Даже среди неприятностей войны в Корее сочетание вильсонианских принципов и рузвельтовской геостратегии дало удивительный импульс, действовавший первые полтора десятилетия политики холодной войны. Несмотря на начавшиеся внутриполитические дискуссии, Америка организовала Берлинский «воздушный мост» 1948–1949 годов, сорвав советский ультиматум по Западному Берлину, прошла через войну в Корее, отразила попытку Советов в 1962 году разместить ядерные баллистические ракеты средней дальности на Кубе. Затем последовало заключение в 1963 году договора с Советским Союзом об отказе от ядерных испытаний в атмосфере: соглашение стало символом того, что сверхдержавам необходимо обсудить и ограничить свои возможности по уничтожению человечества. В конгрессе касательно политики сдерживания в основном существовало единодушие – ее поддерживали обе партии. Взаимоотношения между политиками и интеллектуальными сообществами были профессиональными и, как считалось, основывались на общих долгосрочных целях.

Однако национальный консенсус начал разрушаться – по времени, очень приблизительно, это совпало с убийством Джона Ф. Кеннеди. Одной из причин раскола стало потрясение, постигшее нацию после убийства молодого президента, который призывал Америку воплотить в жизнь ее идеалистические традиции. Хотя преступление совершил коммунист Освальд, какое-то время проживший в Советском Союзе, многих представителей молодого поколения тяжелая потеря заставила задаться вопросами о моральной обоснованности американского пути.

Холодная война началась с призыва поддержать демократию и свободу во всем мире, повторенного Кеннеди с еще большей страстностью в инаугурационной речи. Тем не менее с течением времени военные доктрины, питавшие стратегию сдерживания, начали оказывать губительное воздействие на восприятие общественности. Разрыв между разрушительной способностью оружия и целями, для достижения которых оно может быть использовано, оказался непреодолимым. Все теории ограниченного применения военных атомных технологий продемонстрировали свою неосуществимость. Принятая к реализации стратегия основывалась на способности нанести такой ущерб, что жертвы среди гражданского населения будут считаться недопустимыми, но при этом потери с обеих сторон в считаные дни непременно составят десятки миллионов человек. Подобные расчеты накладывали отпечаток на уверенности национальных лидеров в себе и подрывали доверие к ним со стороны общественности.

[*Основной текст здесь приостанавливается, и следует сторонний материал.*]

(* Let $Y$ be a finite connected simple undirected graph with a cycle-edge $e=\{v,w\}$, and let $O\in\mathsf{Acyc}(Y)$ with $v\leq_O w$. Let $\mathbf{c}=c_1c_2\cdots c_m$ be a click-sequence for $O$ containing precisely one occurrence of $w$ and such that no vertex of $\mathcal{I}(O)$ occurs in $\mathbf{c}$ after that occurrence of $w$. Then there exists a click-sequence $\mathbf{c}'=c'_1c'_2\cdots c'_m$ for $O$ such that (i) there is an interval $[p,q]$ of integers with $c'_j\in\mathcal{I}(O)$ if and only if $p\leq j\leq q$, and (ii) $\mathbf{c}(O)=\mathbf{c}'(O)$.
   Context: $\mathsf{Acyc}(Y)$ is the set of acyclic orientations; $i\leq_O j$ iff there is a directed path from $i$ to $j$ in $O$. $\mathcal{I}(O)=\{a: v\leq_O a\leq_O w\}$ when $v\leq_O w$. A click at a vertex $x$ which is a source reverses all edges incident to $x$. A click-sequence for $O$ is a sequence of vertices $c_1,\dots,c_m$ such that for each $i$, $c_i$ is a source of the orientation obtained from $O$ by successively clicking $c_1,\dots,c_{i-1}$; $\mathbf{c}(O)$ denotes the resulting orientation after all $m$ clicks. *)

theory Defs
  imports Main
begin

definition simple_graph :: "'a set \<Rightarrow> 'a set set \<Rightarrow> bool" where
  "simple_graph V E \<longleftrightarrow> finite V \<and> (\<forall>e\<in>E. \<exists>a b. e = {a, b} \<and> a \<in> V \<and> b \<in> V \<and> a \<noteq> b)"

definition adj_rel :: "'a set set \<Rightarrow> ('a \<times> 'a) set" where
  "adj_rel E = {(a, b). {a, b} \<in> E}"

definition connected_graph :: "'a set \<Rightarrow> 'a set set \<Rightarrow> bool" where
  "connected_graph V E \<longleftrightarrow> (\<forall>a\<in>V. \<forall>b\<in>V. (a, b) \<in> (adj_rel E)\<^sup>*)"

(* e = {v,w} is a cycle-edge: it lies on a cycle, i.e. v and w are joined by a path avoiding e *)
definition cycle_edge :: "'a set set \<Rightarrow> 'a \<Rightarrow> 'a \<Rightarrow> bool" where
  "cycle_edge E v w \<longleftrightarrow> {v, w} \<in> E \<and> v \<noteq> w \<and> (v, w) \<in> (adj_rel (E - {{v, w}}))\<^sup>*"

definition orientation :: "'a set set \<Rightarrow> ('a \<times> 'a) set \<Rightarrow> bool" where
  "orientation E Ori \<longleftrightarrow> (\<forall>(a, b)\<in>Ori. {a, b} \<in> E) \<and>
     (\<forall>a b. {a, b} \<in> E \<longrightarrow> ((a, b) \<in> Ori \<longleftrightarrow> (b, a) \<notin> Ori))"

definition Acyc :: "'a set set \<Rightarrow> ('a \<times> 'a) set set" where
  "Acyc E = {Ori. orientation E Ori \<and> acyclic Ori}"

definition ord_le :: "('a \<times> 'a) set \<Rightarrow> 'a \<Rightarrow> 'a \<Rightarrow> bool" where
  "ord_le Ori i j \<longleftrightarrow> (i, j) \<in> Ori\<^sup>*"

definition interval :: "('a \<times> 'a) set \<Rightarrow> 'a \<Rightarrow> 'a \<Rightarrow> 'a set" where
  "interval Ori v w = {a. ord_le Ori v a \<and> ord_le Ori a w}"

definition is_source :: "'a set \<Rightarrow> ('a \<times> 'a) set \<Rightarrow> 'a \<Rightarrow> bool" where
  "is_source V Ori x \<longleftrightarrow> x \<in> V \<and> (\<forall>y. (y, x) \<notin> Ori)"

definition click :: "'a \<Rightarrow> ('a \<times> 'a) set \<Rightarrow> ('a \<times> 'a) set" where
  "click x Ori = {(a, b). (a, b) \<in> Ori \<and> a \<noteq> x \<and> b \<noteq> x} \<union> {(b, a). (a, b) \<in> Ori \<and> (a = x \<or> b = x)}"

fun click_seq :: "'a set \<Rightarrow> ('a \<times> 'a) set \<Rightarrow> 'a list \<Rightarrow> bool" where
  "click_seq V Ori [] = True"
| "click_seq V Ori (c # cs) = (is_source V Ori c \<and> click_seq V (click c Ori) cs)"

definition apply_clicks :: "'a list \<Rightarrow> ('a \<times> 'a) set \<Rightarrow> ('a \<times> 'a) set" where
  "apply_clicks cs Ori = fold click cs Ori"

end

theory Submission
  imports Defs
begin

text \<open>
  A sequence of clicks reverses an edge iff its endpoints were clicked an odd number of times in
  total; hence permuting the clicks so that, for every edge and every vertex, the clicks at its
  endpoints keep their relative order yields a click-sequence with the same result.
  Since only sources are clicked, the clicks at the endpoints of an edge \<open>a \<rightarrow> b\<close> alternate,
  starting with \<open>a\<close>. So before the unique click of \<open>w\<close> the vertex \<open>v\<close> has been clicked at most
  once, and so has every vertex of \<open>I(O)\<close>, being reachable from \<open>v\<close>: all clicks in \<open>I(O)\<close> are
  first clicks of their vertex. Dependent clicks of the same round follow directed paths of \<open>O\<close>,
  so every chain of dependencies between two clicks in \<open>I(O)\<close> stays inside \<open>I(O)\<close>. A stable sort
  putting first the clicks on which some click in \<open>I(O)\<close> depends, then those in \<open>I(O)\<close>, then the
  rest, makes the clicks in \<open>I(O)\<close> contiguous.
\<close>

lemma mem_click:
  "(a, b) \<in> click x Q \<longleftrightarrow> (if x = a \<or> x = b then (b, a) \<in> Q else (a, b) \<in> Q)"
  unfolding click_def by auto

lemma mem_fold_click:
  "(a, b) \<in> fold click xs Q \<longleftrightarrow>
     (if even (length (filter (\<lambda>x. x = a \<or> x = b) xs)) then (a, b) \<in> Q else (b, a) \<in> Q)"
  by (induction xs arbitrary: Q) (auto simp: mem_click)

lemma click_seq_iff_nth:
  "click_seq V Q cs \<longleftrightarrow> (\<forall>t < length cs. is_source V (fold click (take t cs) Q) (cs ! t))"
proof (induction cs arbitrary: Q)
  case (Cons c cs)
  have "(\<forall>t < length (c # cs). is_source V (fold click (take t (c # cs)) Q) ((c # cs) ! t)) \<longleftrightarrow>
        is_source V Q c \<and> (\<forall>t < length cs. is_source V (fold click (take t cs) (click c Q)) (cs ! t))"
    by (auto simp: less_Suc_eq_0_disj)
  then show ?case using Cons by simp
qed simp

lemma click_seq_nth_source:
  assumes "click_seq V Q cs" "t < length cs"
  shows "cs ! t \<in> V"
    and "\<not> (if even (length (filter (\<lambda>x. x = y \<or> x = cs ! t) (take t cs)))
            then (y, cs ! t) \<in> Q else (cs ! t, y) \<in> Q)"
  using assms unfolding click_seq_iff_nth is_source_def by (metis mem_fold_click)+

lemma filter_take_nth_eq_takeWhile:
  assumes "distinct xs" "i < length xs" "P (xs ! i)"
  shows "filter P (take i xs) = takeWhile (\<lambda>x. x \<noteq> xs ! i) (filter P xs)"
proof -
  have "xs ! i \<notin> set (take i xs)"
    using assms(1,2) by (auto simp: in_set_conv_nth nth_eq_iff_index_eq)
  moreover have "filter P xs = filter P (take i xs) @ xs ! i # filter P (drop (Suc i) xs)"
    using assms(2,3) by (subst id_take_nth_drop[OF assms(2)]) simp
  ultimately show ?thesis by (simp add: takeWhile_append)
qed

lemma length_filter_map_nth:
  "length (filter P (map (nth xs) ns)) = length (filter (\<lambda>t. P (xs ! t)) ns)"
  by (simp add: filter_map comp_def)

definition click_dep :: "('a \<times> 'a) set \<Rightarrow> 'a list \<Rightarrow> nat rel" where
  "click_dep Q cs = {(s, t). s < t \<and> t < length cs \<and>
     (cs ! s = cs ! t \<or> (cs ! s, cs ! t) \<in> Q \<or> (cs ! t, cs ! s) \<in> Q)}"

Кроме того, перенесенную на окраины Азии политику сдерживания требовалось проводить в условиях, полностью противоположных тем, которые сложились в Европе. Плану Маршалла и созданию НАТО сопутствовал успех, поскольку в Европе сохранилась, пусть и была временно прервана, политическая традиция управления. Восстановление экономики могло бы возродить политическую жизнеспособность. Однако в большинстве слаборазвитых стран политические структуры были хрупкими или же недавно возникшими, и экономическая помощь приводила к развитию коррупции не реже, чем содействовала стабильности.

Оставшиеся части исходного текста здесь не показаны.